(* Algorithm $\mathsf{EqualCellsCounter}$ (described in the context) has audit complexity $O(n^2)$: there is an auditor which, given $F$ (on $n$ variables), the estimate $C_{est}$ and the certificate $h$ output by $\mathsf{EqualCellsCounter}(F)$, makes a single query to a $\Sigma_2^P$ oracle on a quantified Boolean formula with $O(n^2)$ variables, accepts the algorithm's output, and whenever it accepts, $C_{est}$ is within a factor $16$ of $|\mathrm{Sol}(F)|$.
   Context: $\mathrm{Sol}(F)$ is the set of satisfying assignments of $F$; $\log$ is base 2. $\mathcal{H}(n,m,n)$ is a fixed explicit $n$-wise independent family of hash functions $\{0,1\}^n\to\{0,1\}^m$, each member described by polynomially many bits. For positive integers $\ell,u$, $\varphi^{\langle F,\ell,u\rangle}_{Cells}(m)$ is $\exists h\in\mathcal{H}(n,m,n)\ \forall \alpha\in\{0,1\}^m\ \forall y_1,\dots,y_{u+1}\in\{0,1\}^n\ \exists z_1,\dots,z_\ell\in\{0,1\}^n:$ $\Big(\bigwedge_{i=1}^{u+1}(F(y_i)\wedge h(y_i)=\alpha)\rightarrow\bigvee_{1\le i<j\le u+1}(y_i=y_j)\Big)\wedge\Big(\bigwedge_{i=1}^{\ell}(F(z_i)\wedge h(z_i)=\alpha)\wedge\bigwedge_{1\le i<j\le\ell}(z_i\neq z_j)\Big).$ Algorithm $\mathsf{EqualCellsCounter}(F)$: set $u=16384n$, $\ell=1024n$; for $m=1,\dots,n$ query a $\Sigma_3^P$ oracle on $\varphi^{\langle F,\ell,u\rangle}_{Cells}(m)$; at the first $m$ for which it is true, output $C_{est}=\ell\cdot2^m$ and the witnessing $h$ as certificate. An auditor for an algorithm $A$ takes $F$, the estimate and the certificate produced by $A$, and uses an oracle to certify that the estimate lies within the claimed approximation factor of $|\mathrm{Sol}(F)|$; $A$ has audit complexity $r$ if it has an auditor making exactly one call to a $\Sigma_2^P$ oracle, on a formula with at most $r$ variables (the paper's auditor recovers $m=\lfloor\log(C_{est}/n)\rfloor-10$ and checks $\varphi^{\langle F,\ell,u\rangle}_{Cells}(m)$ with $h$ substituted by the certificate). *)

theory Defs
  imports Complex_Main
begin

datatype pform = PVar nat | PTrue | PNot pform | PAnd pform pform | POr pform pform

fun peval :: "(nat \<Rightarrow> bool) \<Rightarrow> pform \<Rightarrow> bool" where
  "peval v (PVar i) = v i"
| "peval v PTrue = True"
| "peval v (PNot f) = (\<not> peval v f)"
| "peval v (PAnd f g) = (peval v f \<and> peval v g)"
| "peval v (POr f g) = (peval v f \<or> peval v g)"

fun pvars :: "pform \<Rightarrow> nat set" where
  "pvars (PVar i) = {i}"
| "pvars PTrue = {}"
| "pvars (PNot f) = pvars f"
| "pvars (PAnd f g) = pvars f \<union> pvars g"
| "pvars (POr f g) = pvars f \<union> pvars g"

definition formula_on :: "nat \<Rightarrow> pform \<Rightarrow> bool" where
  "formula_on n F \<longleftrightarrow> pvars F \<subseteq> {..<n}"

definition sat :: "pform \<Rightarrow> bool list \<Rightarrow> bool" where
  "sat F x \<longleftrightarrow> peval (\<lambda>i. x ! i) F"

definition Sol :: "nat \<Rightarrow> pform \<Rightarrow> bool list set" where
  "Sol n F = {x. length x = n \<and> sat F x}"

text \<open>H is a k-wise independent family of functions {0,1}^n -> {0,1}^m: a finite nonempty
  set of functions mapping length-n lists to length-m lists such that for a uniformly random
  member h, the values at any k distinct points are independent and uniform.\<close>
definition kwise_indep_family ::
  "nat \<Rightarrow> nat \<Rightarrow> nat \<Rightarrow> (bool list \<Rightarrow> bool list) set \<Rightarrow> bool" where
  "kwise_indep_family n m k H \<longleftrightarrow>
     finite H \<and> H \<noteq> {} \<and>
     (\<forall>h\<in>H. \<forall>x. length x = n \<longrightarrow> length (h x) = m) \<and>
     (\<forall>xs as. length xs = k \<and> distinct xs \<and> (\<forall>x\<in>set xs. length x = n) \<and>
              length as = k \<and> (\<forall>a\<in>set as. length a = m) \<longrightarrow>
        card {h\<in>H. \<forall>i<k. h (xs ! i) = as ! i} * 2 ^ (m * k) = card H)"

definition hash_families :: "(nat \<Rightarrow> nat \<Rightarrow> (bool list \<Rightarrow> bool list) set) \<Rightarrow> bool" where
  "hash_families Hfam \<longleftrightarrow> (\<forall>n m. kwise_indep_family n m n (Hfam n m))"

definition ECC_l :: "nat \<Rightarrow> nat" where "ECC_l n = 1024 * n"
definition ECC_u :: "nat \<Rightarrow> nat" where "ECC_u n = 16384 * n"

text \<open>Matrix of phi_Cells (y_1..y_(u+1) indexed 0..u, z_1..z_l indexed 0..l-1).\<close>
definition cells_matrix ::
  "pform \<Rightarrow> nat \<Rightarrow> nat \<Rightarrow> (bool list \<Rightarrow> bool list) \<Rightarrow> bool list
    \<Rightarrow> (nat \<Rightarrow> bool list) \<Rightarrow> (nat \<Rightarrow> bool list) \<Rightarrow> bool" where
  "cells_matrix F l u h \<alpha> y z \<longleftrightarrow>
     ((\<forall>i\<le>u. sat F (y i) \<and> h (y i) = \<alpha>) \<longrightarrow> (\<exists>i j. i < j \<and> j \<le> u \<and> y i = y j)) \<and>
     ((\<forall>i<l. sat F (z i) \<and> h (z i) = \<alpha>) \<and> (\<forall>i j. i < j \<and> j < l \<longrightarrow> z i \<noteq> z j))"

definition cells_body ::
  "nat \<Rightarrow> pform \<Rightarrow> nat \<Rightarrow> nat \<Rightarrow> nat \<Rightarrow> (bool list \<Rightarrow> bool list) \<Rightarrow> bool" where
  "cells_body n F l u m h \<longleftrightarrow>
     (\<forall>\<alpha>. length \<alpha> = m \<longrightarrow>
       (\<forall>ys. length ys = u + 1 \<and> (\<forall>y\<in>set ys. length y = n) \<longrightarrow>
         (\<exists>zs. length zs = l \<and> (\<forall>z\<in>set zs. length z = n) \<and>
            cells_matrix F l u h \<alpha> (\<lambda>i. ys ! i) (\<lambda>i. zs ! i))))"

Task item: The response must hold only the lines above from the line with "((\<forall>i<l. sat F" through the line with "(\<exists>zs. length zs", each copied exactly, both ends kept.

Exercise solution:
     ((\<forall>i<l. sat F (z i) \<and> h (z i) = \<alpha>) \<and> (\<forall>i j. i < j \<and> j < l \<longrightarrow> z i \<noteq> z j))"

definition cells_body ::
  "nat \<Rightarrow> pform \<Rightarrow> nat \<Rightarrow> nat \<Rightarrow> nat \<Rightarrow> (bool list \<Rightarrow> bool list) \<Rightarrow> bool" where
  "cells_body n F l u m h \<longleftrightarrow>
     (\<forall>\<alpha>. length \<alpha> = m \<longrightarrow>
       (\<forall>ys. length ys = u + 1 \<and> (\<forall>y\<in>set ys. length y = n) \<longrightarrow>
         (\<exists>zs. length zs = l \<and> (\<forall>z\<in>set zs. length z = n) \<and>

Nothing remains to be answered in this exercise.